* Collected data:
..........

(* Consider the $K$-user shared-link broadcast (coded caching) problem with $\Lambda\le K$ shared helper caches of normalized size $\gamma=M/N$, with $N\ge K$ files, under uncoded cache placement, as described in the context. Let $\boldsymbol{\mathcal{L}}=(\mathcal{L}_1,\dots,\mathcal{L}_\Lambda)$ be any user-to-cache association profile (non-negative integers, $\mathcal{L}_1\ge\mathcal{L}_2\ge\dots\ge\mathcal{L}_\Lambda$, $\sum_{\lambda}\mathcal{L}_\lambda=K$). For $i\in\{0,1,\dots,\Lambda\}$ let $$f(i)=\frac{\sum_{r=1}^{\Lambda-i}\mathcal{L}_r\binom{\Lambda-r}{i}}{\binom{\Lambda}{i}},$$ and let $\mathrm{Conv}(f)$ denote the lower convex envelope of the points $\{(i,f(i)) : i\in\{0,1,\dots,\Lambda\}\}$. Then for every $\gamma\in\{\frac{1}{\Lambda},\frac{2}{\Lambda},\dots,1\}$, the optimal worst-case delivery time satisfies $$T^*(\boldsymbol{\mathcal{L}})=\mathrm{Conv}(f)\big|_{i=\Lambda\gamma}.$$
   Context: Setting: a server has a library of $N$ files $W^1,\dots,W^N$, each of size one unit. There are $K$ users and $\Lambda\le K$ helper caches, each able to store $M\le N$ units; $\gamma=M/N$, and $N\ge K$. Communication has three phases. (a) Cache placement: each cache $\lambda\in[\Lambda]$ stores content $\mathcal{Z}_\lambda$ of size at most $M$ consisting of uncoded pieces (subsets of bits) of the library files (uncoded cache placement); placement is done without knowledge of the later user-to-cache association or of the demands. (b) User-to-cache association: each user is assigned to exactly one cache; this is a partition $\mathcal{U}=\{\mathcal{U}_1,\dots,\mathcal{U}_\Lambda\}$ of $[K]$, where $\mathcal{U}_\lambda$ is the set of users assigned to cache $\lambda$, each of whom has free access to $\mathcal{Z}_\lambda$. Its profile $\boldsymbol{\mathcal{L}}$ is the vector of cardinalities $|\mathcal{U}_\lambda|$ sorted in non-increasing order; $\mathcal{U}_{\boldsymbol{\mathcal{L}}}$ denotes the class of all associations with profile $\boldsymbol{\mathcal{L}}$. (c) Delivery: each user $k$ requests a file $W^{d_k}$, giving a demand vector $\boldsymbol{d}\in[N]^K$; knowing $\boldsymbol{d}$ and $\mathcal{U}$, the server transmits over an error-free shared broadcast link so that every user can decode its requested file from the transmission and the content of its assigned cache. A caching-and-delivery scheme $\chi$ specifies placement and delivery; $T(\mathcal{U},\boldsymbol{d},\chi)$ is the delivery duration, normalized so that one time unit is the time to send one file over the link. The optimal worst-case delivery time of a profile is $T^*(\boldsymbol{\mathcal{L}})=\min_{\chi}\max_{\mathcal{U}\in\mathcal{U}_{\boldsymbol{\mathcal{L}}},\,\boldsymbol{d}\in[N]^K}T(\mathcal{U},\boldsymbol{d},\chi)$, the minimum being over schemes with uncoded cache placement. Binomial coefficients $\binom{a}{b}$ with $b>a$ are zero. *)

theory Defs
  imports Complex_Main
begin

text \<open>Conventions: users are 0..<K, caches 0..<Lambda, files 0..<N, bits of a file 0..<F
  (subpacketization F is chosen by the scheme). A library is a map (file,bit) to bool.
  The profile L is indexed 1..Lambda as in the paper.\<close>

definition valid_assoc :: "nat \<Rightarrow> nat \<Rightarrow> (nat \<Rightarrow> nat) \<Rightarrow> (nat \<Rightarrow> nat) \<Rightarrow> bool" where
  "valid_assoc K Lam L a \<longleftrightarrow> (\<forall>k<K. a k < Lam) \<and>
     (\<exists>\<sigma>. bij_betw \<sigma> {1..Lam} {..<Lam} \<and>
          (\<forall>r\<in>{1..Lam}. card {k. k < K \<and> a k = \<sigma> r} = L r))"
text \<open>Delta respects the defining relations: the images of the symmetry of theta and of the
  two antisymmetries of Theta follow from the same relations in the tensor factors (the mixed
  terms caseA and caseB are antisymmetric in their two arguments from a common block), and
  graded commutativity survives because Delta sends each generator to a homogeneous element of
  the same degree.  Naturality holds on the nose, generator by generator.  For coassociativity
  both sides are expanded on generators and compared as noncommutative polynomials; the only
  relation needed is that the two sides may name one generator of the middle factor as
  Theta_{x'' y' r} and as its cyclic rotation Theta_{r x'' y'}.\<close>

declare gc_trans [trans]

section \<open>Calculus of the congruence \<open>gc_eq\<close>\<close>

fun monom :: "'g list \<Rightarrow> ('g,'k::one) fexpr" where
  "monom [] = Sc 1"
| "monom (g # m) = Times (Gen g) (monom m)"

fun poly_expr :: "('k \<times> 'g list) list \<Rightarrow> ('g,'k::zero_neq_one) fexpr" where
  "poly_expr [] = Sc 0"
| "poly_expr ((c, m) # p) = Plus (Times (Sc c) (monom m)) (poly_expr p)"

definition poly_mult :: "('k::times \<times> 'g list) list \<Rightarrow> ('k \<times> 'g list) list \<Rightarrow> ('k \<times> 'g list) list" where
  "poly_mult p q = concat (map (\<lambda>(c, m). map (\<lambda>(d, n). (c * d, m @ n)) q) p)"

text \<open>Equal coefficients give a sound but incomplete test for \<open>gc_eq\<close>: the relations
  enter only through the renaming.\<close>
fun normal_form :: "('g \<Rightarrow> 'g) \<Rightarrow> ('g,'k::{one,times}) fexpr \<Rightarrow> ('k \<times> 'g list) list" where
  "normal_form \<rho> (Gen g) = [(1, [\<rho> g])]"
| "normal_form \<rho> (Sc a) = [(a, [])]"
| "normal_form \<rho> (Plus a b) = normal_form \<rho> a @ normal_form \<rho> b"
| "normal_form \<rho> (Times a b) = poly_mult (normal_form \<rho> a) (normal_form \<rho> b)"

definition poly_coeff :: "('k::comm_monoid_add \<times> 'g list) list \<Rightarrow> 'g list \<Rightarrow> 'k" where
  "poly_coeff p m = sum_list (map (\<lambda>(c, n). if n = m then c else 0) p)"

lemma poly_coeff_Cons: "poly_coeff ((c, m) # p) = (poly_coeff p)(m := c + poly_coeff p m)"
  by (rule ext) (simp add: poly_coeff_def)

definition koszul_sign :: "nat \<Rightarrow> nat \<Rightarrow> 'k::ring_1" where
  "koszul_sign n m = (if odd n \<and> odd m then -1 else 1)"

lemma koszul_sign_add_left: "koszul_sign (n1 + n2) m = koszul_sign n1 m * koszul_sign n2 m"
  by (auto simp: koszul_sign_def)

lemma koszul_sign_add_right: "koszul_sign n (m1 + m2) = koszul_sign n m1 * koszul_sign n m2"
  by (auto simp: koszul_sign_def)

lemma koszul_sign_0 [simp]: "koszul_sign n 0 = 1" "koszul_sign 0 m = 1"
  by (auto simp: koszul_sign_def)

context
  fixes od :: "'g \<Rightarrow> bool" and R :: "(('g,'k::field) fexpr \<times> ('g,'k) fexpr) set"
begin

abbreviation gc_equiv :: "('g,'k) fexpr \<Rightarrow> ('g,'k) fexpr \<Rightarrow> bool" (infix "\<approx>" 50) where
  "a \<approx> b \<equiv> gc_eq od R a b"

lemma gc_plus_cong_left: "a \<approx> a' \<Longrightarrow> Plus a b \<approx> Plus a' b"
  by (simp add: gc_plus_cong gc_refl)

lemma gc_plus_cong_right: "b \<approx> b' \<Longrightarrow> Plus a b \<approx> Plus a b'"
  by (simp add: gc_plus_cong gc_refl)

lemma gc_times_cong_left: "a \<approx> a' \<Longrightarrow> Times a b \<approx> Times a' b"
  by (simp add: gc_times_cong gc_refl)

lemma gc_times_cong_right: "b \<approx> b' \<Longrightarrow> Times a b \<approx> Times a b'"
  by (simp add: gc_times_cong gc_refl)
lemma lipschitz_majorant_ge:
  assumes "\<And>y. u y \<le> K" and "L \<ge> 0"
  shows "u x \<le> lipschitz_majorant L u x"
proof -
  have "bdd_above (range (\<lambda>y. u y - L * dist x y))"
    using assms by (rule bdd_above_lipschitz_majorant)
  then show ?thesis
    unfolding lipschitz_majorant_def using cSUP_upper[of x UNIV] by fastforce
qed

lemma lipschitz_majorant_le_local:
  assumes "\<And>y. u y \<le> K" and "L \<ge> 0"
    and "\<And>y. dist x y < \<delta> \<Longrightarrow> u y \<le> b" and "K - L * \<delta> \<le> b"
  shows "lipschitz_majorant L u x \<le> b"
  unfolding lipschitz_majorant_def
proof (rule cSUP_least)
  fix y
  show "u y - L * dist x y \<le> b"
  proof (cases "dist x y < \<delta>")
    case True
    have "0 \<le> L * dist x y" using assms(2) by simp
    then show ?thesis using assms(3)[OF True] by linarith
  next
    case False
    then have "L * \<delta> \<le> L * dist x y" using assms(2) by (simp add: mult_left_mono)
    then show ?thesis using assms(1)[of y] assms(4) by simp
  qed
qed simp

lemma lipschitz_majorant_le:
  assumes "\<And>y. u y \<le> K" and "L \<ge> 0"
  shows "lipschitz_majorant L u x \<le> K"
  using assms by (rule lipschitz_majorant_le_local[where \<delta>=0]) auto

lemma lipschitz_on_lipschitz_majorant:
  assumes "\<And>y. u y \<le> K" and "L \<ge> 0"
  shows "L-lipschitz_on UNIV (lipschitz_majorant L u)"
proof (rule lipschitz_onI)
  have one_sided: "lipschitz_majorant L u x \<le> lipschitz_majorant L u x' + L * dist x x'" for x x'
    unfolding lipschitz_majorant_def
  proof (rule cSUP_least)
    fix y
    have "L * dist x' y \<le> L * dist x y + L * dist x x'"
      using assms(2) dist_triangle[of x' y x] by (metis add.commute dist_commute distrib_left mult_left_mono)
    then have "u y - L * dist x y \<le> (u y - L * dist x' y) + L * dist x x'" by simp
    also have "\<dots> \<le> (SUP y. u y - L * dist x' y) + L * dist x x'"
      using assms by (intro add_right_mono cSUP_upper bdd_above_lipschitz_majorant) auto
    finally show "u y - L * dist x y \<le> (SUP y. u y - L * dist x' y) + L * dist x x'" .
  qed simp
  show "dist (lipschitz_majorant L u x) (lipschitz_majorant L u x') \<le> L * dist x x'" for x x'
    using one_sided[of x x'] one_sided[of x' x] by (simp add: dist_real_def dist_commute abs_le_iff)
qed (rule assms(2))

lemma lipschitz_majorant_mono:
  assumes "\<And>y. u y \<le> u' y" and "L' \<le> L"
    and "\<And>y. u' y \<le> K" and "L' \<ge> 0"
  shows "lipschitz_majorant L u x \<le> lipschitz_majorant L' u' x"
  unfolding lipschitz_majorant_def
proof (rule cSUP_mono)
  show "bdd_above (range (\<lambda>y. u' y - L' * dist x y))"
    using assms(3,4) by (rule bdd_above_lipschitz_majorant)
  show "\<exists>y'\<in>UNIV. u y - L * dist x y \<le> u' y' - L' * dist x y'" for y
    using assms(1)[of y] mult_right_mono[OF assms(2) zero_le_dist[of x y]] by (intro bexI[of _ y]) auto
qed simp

..........

Where in the entries above does the word "else" appear? Copy each line that has it.

* WRITTEN SOLUTION:
  "poly_coeff p m = sum_list (map (\<lambda>(c, n). if n = m then c else 0) p)"
  "koszul_sign n m = (if odd n \<and> odd m then -1 else 1)"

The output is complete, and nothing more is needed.